(* Consider algorithm TRIEST-FD (described in the context) run with integer parameter $M\ge 6$ on a fully-dynamic edge stream. Let $t^*$ be the first time step $t\ge M+1$ such that $|E^{(t)}|=M+1$ ($t^*=+\infty$ if no such time step exists). Then $\rho^{(t)}=|\Delta^{(t)}|$ for all $t<t^*$, and $\mathbb{E}\left[\rho^{(t)}\right]=|\Delta^{(t)}|$ for all $t\ge t^*$.
   Context: A fully-dynamic edge stream: at each time step $t=1,2,\dots$ an element $(\bullet,\{u,v\})$ arrives with $\bullet\in\{+,-\}$ and $u\neq v$; starting from the empty graph, $E^{(t)}=E^{(t-1)}\cup\{\{u,v\}\}$ if $\bullet=+$ and $E^{(t)}=E^{(t-1)}\setminus\{\{u,v\}\}$ if $\bullet=-$, and every operation has effect (an insertion is only of an edge not in $E^{(t-1)}$, a deletion only of an edge in $E^{(t-1)}$); the order is arbitrary but independent of the algorithm's random bits. $G^{(t)}$ is the graph with edge set $E^{(t)}$, $s^{(t)}=|E^{(t)}|$, and $\Delta^{(t)}$ the set of triangles of $G^{(t)}$ (sets of three edges $\{\{u,v\},\{v,w\},\{w,u\}\}\subseteq E^{(t)}$ with $u,v,w$ distinct). TRIEST-FD (random pairing) keeps an edge sample $\mathcal{S}$ (initially empty), counters $d_{\mathrm i}=d_{\mathrm o}=0$, and a counter $\tau$ which, by incremental updates after each insertion into or removal from $\mathcal{S}$, always equals the number of triangles all of whose edges are in $\mathcal{S}$. On a deletion of edge $e$: if $e\in\mathcal{S}$, $e$ is removed from $\mathcal{S}$ and $d_{\mathrm i}$ is increased by $1$; otherwise $d_{\mathrm o}$ is increased by $1$. On an insertion of edge $e$: if $d_{\mathrm i}+d_{\mathrm o}=0$, then if $|\mathcal{S}|<M$, $e$ is inserted into $\mathcal{S}$; otherwise, with probability $M/s^{(t)}$, an edge chosen uniformly at random from $\mathcal{S}$ is removed and $e$ inserted, else $\mathcal{S}$ is unchanged. If $d_{\mathrm i}+d_{\mathrm o}>0$, then with probability $d_{\mathrm i}/(d_{\mathrm i}+d_{\mathrm o})$, $e$ is inserted into $\mathcal{S}$ and $d_{\mathrm i}$ is decreased by $1$; otherwise $e$ is not inserted and $d_{\mathrm o}$ is decreased by $1$. Let $M^{(t)}=|\mathcal{S}|$, $\tau^{(t)}$, $d_{\mathrm i}^{(t)}$, $d_{\mathrm o}^{(t)}$ be the values at the end of time step $t$, $\omega^{(t)}=\min\{M,s^{(t)}+d_{\mathrm i}^{(t)}+d_{\mathrm o}^{(t)}\}$, and \[ \kappa^{(t)}=1-\sum_{j=0}^{2}\binom{s^{(t)}}{j}\binom{d_{\mathrm i}^{(t)}+d_{\mathrm o}^{(t)}}{\omega^{(t)}-j}\Big/\binom{s^{(t)}+d_{\mathrm i}^{(t)}+d_{\mathrm o}^{(t)}}{\omega^{(t)}} \] (with $\binom{0}{0}=1$). For $a\le b\le c$, $\psi_{a,b,c}=\binom{c}{b}/\binom{c-a}{b-a}=\prod_{i=0}^{a-1}\frac{c-i}{b-i}$. The estimate is $\rho^{(t)}=0$ if $M^{(t)}<3$ and $\rho^{(t)}=\frac{\tau^{(t)}}{\kappa^{(t)}}\psi_{3,M^{(t)},s^{(t)}}$ otherwise. *)

theory Defs
  imports "HOL-Probability.Probability"
begin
********************
TASK DETAILS |
Each record above has to be printed again, word for word.

ANSWER FOR THE TASK |
(* Consider algorithm TRIEST-FD (described in the context) run with integer parameter $M\ge 6$ on a fully-dynamic edge stream. Let $t^*$ be the first time step $t\ge M+1$ such that $|E^{(t)}|=M+1$ ($t^*=+\infty$ if no such time step exists). Then $\rho^{(t)}=|\Delta^{(t)}|$ for all $t<t^*$, and $\mathbb{E}\left[\rho^{(t)}\right]=|\Delta^{(t)}|$ for all $t\ge t^*$.
   Context: A fully-dynamic edge stream: at each time step $t=1,2,\dots$ an element $(\bullet,\{u,v\})$ arrives with $\bullet\in\{+,-\}$ and $u\neq v$; starting from the empty graph, $E^{(t)}=E^{(t-1)}\cup\{\{u,v\}\}$ if $\bullet=+$ and $E^{(t)}=E^{(t-1)}\setminus\{\{u,v\}\}$ if $\bullet=-$, and every operation has effect (an insertion is only of an edge not in $E^{(t-1)}$, a deletion only of an edge in $E^{(t-1)}$); the order is arbitrary but independent of the algorithm's random bits. $G^{(t)}$ is the graph with edge set $E^{(t)}$, $s^{(t)}=|E^{(t)}|$, and $\Delta^{(t)}$ the set of triangles of $G^{(t)}$ (sets of three edges $\{\{u,v\},\{v,w\},\{w,u\}\}\subseteq E^{(t)}$ with $u,v,w$ distinct). TRIEST-FD (random pairing) keeps an edge sample $\mathcal{S}$ (initially empty), counters $d_{\mathrm i}=d_{\mathrm o}=0$, and a counter $\tau$ which, by incremental updates after each insertion into or removal from $\mathcal{S}$, always equals the number of triangles all of whose edges are in $\mathcal{S}$. On a deletion of edge $e$: if $e\in\mathcal{S}$, $e$ is removed from $\mathcal{S}$ and $d_{\mathrm i}$ is increased by $1$; otherwise $d_{\mathrm o}$ is increased by $1$. On an insertion of edge $e$: if $d_{\mathrm i}+d_{\mathrm o}=0$, then if $|\mathcal{S}|<M$, $e$ is inserted into $\mathcal{S}$; otherwise, with probability $M/s^{(t)}$, an edge chosen uniformly at random from $\mathcal{S}$ is removed and $e$ inserted, else $\mathcal{S}$ is unchanged. If $d_{\mathrm i}+d_{\mathrm o}>0$, then with probability $d_{\mathrm i}/(d_{\mathrm i}+d_{\mathrm o})$, $e$ is inserted into $\mathcal{S}$ and $d_{\mathrm i}$ is decreased by $1$; otherwise $e$ is not inserted and $d_{\mathrm o}$ is decreased by $1$. Let $M^{(t)}=|\mathcal{S}|$, $\tau^{(t)}$, $d_{\mathrm i}^{(t)}$, $d_{\mathrm o}^{(t)}$ be the values at the end of time step $t$, $\omega^{(t)}=\min\{M,s^{(t)}+d_{\mathrm i}^{(t)}+d_{\mathrm o}^{(t)}\}$, and \[ \kappa^{(t)}=1-\sum_{j=0}^{2}\binom{s^{(t)}}{j}\binom{d_{\mathrm i}^{(t)}+d_{\mathrm o}^{(t)}}{\omega^{(t)}-j}\Big/\binom{s^{(t)}+d_{\mathrm i}^{(t)}+d_{\mathrm o}^{(t)}}{\omega^{(t)}} \] (with $\binom{0}{0}=1$). For $a\le b\le c$, $\psi_{a,b,c}=\binom{c}{b}/\binom{c-a}{b-a}=\prod_{i=0}^{a-1}\frac{c-i}{b-i}$. The estimate is $\rho^{(t)}=0$ if $M^{(t)}<3$ and $\rho^{(t)}=\frac{\tau^{(t)}}{\kappa^{(t)}}\psi_{3,M^{(t)},s^{(t)}}$ otherwise. *)

theory Defs
  imports "HOL-Probability.Probability"
begin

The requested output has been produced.